TASK INSTRUCTIONS >> All of the data below is to be output without alteration.

++++ RECORDS FOR THE EXERCISE ++++

theorem theorem7p1:
  shows "(\<forall>f\<in>class_BT.
            - 1 / (2 * sqrt 23) \<le> cmod (log_gamma2 f) - cmod (log_gamma1 f) \<and>
            cmod (log_gamma2 f) - cmod (log_gamma1 f) \<le> 1 / 12)
       \<and> (\<exists>f\<in>class_BT. cmod (log_gamma2 f) - cmod (log_gamma1 f) = 1 / 12)
       \<and> (\<exists>f\<in>class_BT. cmod (log_gamma2 f) - cmod (log_gamma1 f) = - 1 / (2 * sqrt 23))"
proof (intro conjI ballI)
  fix f assume "f \<in> class_BT"
  then obtain c1 c2 where c: "norm c2 \<le> 1 - norm c1 ^ 2"
    and \<gamma>: "log_gamma1 f = c1 / 8" "log_gamma2 f = c2 / 12 - 7 * c1\<^sup>2 / 192"
    by (rule log_gammas_class_BT)
  show "- 1 / (2 * sqrt 23) \<le> cmod (log_gamma2 f) - cmod (log_gamma1 f)"
    unfolding \<gamma> by (rule log_coeff_difference_lower_bound[OF c])
  show "cmod (log_gamma2 f) - cmod (log_gamma1 f) \<le> 1 / 12"
    unfolding \<gamma> by (rule log_coeff_difference_upper_bound[OF c])
next
  show "\<exists>f\<in>class_BT. cmod (log_gamma2 f) - cmod (log_gamma1 f) = 1 / 12"
    using log_gamma_difference_attained[of "\<lambda>z. z"] by simp
next
  show "\<exists>f\<in>class_BT. cmod (log_gamma2 f) - cmod (log_gamma1 f) = - 1 / (2 * sqrt 23)"
    by (rule log_gamma_difference_attains_lower_bound)
qed

end
lemma compact_stay_set: "compact (stay_set b n)"
  unfolding compact_eq_bounded_closed
proof
  have "stay_set b n \<subseteq> {-0.03..0.03}"
    unfolding stay_set_def Xset_iff by (auto dest: spec[of _ 0])
  then show "bounded (stay_set b n)"
    using bounded_closed_interval bounded_subset by blast
  have "stay_set b n = (\<Inter>k\<in>{..n}. (\<lambda>a. (F^^k) (a, b)) -` Xset)"
    unfolding stay_set_def by auto
  moreover have "closed Xset"
    unfolding Xset_eq by (intro closed_Times closed_atLeastAtMost closed_atLeast)
  ultimately show "closed (stay_set b n)"
    by (auto intro!: closed_INT closed_vimage continuous_on_funpow_F_line)
qed

lemma inj_on_fst_funpow_F: "inj_on (\<lambda>a. fst ((F^^Suc n) (a, b))) (stay_set b n)"
proof (rule inj_onI)
  fix x y assume "x \<in> stay_set b n" "y \<in> stay_set b n"
    and eq: "fst ((F^^Suc n) (x, b)) = fst ((F^^Suc n) (y, b))"
  then have "\<forall>k<Suc n. (F^^k) (x, b) \<in> Xset \<and> (F^^k) (y, b) \<in> Xset"
    unfolding stay_set_def by auto
  from cone_funpow_F[OF this] have "(3/2)^Suc n * \<bar>y - x\<bar> \<le> 0"
    using eq by simp
  moreover have "0 < (3/2::real)^n" by simp
  ultimately show "x = y" by (auto simp: mult_le_0_iff)
qed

++++

EXERCISE SOLUTION >>
theorem theorem7p1:
  shows "(\<forall>f\<in>class_BT.
            - 1 / (2 * sqrt 23) \<le> cmod (log_gamma2 f) - cmod (log_gamma1 f) \<and>
            cmod (log_gamma2 f) - cmod (log_gamma1 f) \<le> 1 / 12)
       \<and> (\<exists>f\<in>class_BT. cmod (log_gamma2 f) - cmod (log_gamma1 f) = 1 / 12)
       \<and> (\<exists>f\<in>class_BT. cmod (log_gamma2 f) - cmod (log_gamma1 f) = - 1 / (2 * sqrt 23))"
proof (intro conjI ballI)
  fix f assume "f \<in> class_BT"
  then obtain c1 c2 where c: "norm c2 \<le> 1 - norm c1 ^ 2"
    and \<gamma>: "log_gamma1 f = c1 / 8" "log_gamma2 f = c2 / 12 - 7 * c1\<^sup>2 / 192"
    by (rule log_gammas_class_BT)
  show "- 1 / (2 * sqrt 23) \<le> cmod (log_gamma2 f) - cmod (log_gamma1 f)"
    unfolding \<gamma> by (rule log_coeff_difference_lower_bound[OF c])
  show "cmod (log_gamma2 f) - cmod (log_gamma1 f) \<le> 1 / 12"
    unfolding \<gamma> by (rule log_coeff_difference_upper_bound[OF c])
next
  show "\<exists>f\<in>class_BT. cmod (log_gamma2 f) - cmod (log_gamma1 f) = 1 / 12"
    using log_gamma_difference_attained[of "\<lambda>z. z"] by simp
next
  show "\<exists>f\<in>class_BT. cmod (log_gamma2 f) - cmod (log_gamma1 f) = - 1 / (2 * sqrt 23)"
    by (rule log_gamma_difference_attains_lower_bound)
qed

end
lemma compact_stay_set: "compact (stay_set b n)"
  unfolding compact_eq_bounded_closed
proof
  have "stay_set b n \<subseteq> {-0.03..0.03}"
    unfolding stay_set_def Xset_iff by (auto dest: spec[of _ 0])
  then show "bounded (stay_set b n)"
    using bounded_closed_interval bounded_subset by blast
  have "stay_set b n = (\<Inter>k\<in>{..n}. (\<lambda>a. (F^^k) (a, b)) -` Xset)"
    unfolding stay_set_def by auto
  moreover have "closed Xset"
    unfolding Xset_eq by (intro closed_Times closed_atLeastAtMost closed_atLeast)
  ultimately show "closed (stay_set b n)"
    by (auto intro!: closed_INT closed_vimage continuous_on_funpow_F_line)
qed

lemma inj_on_fst_funpow_F: "inj_on (\<lambda>a. fst ((F^^Suc n) (a, b))) (stay_set b n)"
proof (rule inj_onI)
  fix x y assume "x \<in> stay_set b n" "y \<in> stay_set b n"
    and eq: "fst ((F^^Suc n) (x, b)) = fst ((F^^Suc n) (y, b))"
  then have "\<forall>k<Suc n. (F^^k) (x, b) \<in> Xset \<and> (F^^k) (y, b) \<in> Xset"
    unfolding stay_set_def by auto
  from cone_funpow_F[OF this] have "(3/2)^Suc n * \<bar>y - x\<bar> \<le> 0"
    using eq by simp
  moreover have "0 < (3/2::real)^n" by simp
  ultimately show "x = y" by (auto simp: mult_le_0_iff)
qed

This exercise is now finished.